Stored data

○ ○ ○ ○ ○ ○ ○

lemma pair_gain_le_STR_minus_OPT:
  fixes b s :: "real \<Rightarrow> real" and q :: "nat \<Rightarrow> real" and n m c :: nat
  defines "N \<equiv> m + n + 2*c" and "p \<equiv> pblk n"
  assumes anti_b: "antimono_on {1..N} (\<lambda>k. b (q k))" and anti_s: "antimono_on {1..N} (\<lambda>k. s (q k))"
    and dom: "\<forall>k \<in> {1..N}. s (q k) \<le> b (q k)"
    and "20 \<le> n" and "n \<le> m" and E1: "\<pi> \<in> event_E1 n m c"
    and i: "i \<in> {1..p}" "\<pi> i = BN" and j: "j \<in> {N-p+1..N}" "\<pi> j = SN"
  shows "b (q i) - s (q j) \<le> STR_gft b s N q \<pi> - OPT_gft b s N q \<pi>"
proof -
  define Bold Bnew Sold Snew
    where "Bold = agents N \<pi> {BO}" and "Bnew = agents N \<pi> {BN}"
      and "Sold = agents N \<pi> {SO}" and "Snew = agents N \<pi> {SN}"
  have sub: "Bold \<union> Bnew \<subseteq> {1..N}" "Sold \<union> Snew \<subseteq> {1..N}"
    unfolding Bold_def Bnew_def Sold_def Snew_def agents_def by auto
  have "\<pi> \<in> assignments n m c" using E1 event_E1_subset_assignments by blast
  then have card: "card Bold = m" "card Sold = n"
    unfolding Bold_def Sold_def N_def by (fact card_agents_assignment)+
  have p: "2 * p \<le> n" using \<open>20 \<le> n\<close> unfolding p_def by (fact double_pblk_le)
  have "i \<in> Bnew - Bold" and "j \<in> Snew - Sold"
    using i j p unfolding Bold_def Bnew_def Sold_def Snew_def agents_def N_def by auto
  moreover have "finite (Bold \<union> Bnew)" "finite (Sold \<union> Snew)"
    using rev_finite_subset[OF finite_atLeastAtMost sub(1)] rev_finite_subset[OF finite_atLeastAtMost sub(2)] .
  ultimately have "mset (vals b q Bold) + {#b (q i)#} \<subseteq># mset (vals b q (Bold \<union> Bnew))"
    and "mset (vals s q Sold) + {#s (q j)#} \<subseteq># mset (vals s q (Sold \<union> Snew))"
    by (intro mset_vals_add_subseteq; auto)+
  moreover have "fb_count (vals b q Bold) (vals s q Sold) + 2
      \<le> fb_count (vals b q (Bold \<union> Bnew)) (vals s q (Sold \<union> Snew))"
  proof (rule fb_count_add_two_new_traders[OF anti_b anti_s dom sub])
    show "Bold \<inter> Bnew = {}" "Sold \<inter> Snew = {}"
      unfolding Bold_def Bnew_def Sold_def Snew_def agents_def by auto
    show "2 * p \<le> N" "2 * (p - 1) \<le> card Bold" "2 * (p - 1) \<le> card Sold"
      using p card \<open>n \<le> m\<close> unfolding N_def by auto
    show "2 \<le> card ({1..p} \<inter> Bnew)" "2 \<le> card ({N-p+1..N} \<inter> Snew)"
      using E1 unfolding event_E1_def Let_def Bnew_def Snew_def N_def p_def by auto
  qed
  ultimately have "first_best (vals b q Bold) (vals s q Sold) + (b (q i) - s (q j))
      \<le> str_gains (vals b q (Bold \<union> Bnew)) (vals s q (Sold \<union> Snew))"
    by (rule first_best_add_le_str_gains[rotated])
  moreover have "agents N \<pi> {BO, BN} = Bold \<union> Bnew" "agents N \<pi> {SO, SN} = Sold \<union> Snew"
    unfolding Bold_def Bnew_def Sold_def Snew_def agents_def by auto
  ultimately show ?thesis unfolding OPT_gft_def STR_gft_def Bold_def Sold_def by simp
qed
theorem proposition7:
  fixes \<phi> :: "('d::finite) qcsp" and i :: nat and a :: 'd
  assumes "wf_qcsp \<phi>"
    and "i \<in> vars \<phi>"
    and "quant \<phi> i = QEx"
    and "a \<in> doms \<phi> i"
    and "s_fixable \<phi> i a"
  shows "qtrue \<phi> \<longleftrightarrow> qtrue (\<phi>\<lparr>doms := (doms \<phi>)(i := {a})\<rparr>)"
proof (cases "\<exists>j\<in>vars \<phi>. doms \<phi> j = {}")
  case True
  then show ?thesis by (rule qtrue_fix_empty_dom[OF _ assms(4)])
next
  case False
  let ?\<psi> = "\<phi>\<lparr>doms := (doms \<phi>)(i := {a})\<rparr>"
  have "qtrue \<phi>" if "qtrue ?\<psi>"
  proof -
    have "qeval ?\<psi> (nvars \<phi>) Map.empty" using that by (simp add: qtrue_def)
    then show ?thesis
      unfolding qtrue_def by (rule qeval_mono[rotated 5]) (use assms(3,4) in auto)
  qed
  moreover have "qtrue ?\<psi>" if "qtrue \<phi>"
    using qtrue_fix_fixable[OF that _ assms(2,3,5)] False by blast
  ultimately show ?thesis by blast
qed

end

○ ○ ○ ○ ○ ○ ○

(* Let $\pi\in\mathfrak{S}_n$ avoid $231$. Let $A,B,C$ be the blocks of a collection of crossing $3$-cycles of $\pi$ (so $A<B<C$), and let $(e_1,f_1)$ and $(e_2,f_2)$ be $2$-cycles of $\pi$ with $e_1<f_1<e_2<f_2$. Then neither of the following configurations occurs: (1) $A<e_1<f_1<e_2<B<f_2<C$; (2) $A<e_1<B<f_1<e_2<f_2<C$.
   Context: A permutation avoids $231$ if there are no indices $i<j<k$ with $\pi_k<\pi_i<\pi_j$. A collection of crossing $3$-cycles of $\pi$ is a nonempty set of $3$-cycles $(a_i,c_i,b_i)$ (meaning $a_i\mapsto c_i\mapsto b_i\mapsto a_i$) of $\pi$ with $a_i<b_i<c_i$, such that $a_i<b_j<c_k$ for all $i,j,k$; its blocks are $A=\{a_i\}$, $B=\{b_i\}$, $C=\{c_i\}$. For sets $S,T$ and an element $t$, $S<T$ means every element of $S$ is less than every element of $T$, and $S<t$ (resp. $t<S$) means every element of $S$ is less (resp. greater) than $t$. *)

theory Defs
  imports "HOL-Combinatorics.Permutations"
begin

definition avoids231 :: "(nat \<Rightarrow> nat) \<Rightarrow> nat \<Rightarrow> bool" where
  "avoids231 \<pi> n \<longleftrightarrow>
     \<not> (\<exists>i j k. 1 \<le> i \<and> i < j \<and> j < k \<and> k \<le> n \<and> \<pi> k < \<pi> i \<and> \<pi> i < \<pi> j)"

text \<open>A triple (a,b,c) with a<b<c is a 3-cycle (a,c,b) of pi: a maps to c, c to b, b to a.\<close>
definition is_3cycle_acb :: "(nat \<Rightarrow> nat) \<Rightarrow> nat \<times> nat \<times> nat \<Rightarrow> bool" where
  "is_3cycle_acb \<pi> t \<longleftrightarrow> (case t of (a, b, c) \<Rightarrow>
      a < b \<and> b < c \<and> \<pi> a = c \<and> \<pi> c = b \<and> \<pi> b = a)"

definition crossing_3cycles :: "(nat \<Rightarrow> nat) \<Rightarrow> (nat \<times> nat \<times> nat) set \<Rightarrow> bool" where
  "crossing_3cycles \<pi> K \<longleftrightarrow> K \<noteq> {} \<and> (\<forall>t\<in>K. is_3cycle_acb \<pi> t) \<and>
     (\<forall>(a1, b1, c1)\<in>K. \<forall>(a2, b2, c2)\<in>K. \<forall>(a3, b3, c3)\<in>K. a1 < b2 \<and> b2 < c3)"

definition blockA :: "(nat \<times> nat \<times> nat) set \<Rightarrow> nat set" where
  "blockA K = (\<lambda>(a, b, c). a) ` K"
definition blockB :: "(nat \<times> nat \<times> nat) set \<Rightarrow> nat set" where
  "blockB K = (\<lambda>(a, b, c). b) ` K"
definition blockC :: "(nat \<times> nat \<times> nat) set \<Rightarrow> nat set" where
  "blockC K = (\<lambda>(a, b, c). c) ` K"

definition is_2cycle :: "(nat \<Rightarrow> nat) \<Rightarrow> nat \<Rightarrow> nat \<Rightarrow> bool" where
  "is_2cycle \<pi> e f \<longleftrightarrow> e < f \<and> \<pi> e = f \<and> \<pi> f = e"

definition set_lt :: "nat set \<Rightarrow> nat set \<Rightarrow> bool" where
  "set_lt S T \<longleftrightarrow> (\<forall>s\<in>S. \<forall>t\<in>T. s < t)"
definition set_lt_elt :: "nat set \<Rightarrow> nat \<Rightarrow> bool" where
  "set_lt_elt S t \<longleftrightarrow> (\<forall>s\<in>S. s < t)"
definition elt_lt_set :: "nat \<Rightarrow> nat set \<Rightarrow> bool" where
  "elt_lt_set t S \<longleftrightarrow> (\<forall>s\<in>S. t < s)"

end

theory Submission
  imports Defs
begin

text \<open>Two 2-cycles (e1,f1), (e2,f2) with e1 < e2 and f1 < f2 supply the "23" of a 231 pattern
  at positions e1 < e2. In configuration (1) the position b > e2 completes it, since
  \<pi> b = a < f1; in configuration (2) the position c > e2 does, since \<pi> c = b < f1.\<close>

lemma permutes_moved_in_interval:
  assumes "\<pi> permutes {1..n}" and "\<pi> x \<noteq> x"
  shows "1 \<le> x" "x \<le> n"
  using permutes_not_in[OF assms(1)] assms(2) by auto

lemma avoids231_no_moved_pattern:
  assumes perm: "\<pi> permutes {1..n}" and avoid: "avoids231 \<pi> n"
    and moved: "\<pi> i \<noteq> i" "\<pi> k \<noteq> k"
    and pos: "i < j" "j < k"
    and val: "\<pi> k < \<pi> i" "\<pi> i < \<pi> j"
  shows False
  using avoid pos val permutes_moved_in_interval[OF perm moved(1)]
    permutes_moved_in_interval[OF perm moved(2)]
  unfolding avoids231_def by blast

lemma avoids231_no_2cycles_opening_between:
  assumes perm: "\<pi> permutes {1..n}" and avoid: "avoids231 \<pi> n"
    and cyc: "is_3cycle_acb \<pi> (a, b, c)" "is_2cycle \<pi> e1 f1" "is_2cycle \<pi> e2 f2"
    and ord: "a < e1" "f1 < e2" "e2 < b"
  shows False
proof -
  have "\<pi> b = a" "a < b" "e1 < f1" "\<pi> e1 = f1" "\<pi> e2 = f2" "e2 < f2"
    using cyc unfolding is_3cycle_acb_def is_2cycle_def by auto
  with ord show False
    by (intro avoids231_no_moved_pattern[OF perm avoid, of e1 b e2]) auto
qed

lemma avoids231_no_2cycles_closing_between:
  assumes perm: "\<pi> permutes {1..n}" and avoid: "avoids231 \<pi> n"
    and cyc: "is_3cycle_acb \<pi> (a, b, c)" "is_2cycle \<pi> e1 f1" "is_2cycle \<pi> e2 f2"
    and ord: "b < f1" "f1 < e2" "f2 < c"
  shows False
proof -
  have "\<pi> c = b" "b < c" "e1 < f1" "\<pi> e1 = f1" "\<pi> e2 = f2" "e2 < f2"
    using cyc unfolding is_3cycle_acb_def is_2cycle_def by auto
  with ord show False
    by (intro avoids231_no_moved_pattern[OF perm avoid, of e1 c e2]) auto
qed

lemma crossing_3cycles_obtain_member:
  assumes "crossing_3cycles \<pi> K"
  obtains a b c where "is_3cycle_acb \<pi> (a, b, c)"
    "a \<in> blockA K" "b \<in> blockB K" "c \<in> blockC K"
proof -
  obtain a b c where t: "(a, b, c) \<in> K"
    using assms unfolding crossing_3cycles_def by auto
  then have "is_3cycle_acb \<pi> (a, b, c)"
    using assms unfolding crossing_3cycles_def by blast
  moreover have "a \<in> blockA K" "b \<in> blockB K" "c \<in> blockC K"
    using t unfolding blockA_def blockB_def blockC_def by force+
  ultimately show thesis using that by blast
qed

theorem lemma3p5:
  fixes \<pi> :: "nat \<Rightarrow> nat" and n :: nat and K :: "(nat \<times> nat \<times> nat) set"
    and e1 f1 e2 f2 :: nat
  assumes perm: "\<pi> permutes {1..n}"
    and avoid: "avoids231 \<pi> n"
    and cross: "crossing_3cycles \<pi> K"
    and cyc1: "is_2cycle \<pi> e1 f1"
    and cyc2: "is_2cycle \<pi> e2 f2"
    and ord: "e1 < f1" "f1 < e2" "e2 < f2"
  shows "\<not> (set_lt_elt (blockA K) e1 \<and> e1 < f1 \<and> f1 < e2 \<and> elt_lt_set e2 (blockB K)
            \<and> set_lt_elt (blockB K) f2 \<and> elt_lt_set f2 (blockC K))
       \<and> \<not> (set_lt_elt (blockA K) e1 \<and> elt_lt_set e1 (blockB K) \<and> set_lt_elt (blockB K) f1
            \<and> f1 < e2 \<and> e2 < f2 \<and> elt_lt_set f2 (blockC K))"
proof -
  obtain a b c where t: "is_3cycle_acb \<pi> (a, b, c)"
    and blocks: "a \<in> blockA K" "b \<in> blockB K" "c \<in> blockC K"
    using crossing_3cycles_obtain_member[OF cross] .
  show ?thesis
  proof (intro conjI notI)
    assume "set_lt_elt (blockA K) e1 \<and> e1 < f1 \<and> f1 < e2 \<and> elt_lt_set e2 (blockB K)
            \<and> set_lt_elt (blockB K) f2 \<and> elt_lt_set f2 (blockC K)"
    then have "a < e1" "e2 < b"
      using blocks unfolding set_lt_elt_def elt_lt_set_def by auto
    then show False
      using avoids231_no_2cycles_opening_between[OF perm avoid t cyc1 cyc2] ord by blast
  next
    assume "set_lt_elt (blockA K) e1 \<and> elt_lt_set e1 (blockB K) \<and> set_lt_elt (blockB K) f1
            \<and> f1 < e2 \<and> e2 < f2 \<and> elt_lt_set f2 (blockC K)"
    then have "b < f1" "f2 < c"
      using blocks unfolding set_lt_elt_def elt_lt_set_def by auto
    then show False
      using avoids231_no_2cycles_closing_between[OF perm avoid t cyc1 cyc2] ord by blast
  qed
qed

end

○ ○ ○ ○ ○ ○ ○

Task brief
Work through the entries, filtering for the string "exists", and copy each line that holds it.

Exercise solution
proof (cases "\<exists>j\<in>vars \<phi>. doms \<phi> j = {}")
     \<not> (\<exists>i j k. 1 \<le> i \<and> i < j \<and> j < k \<and> k \<le> n \<and> \<pi> k < \<pi> i \<and> \<pi> i < \<pi> j)"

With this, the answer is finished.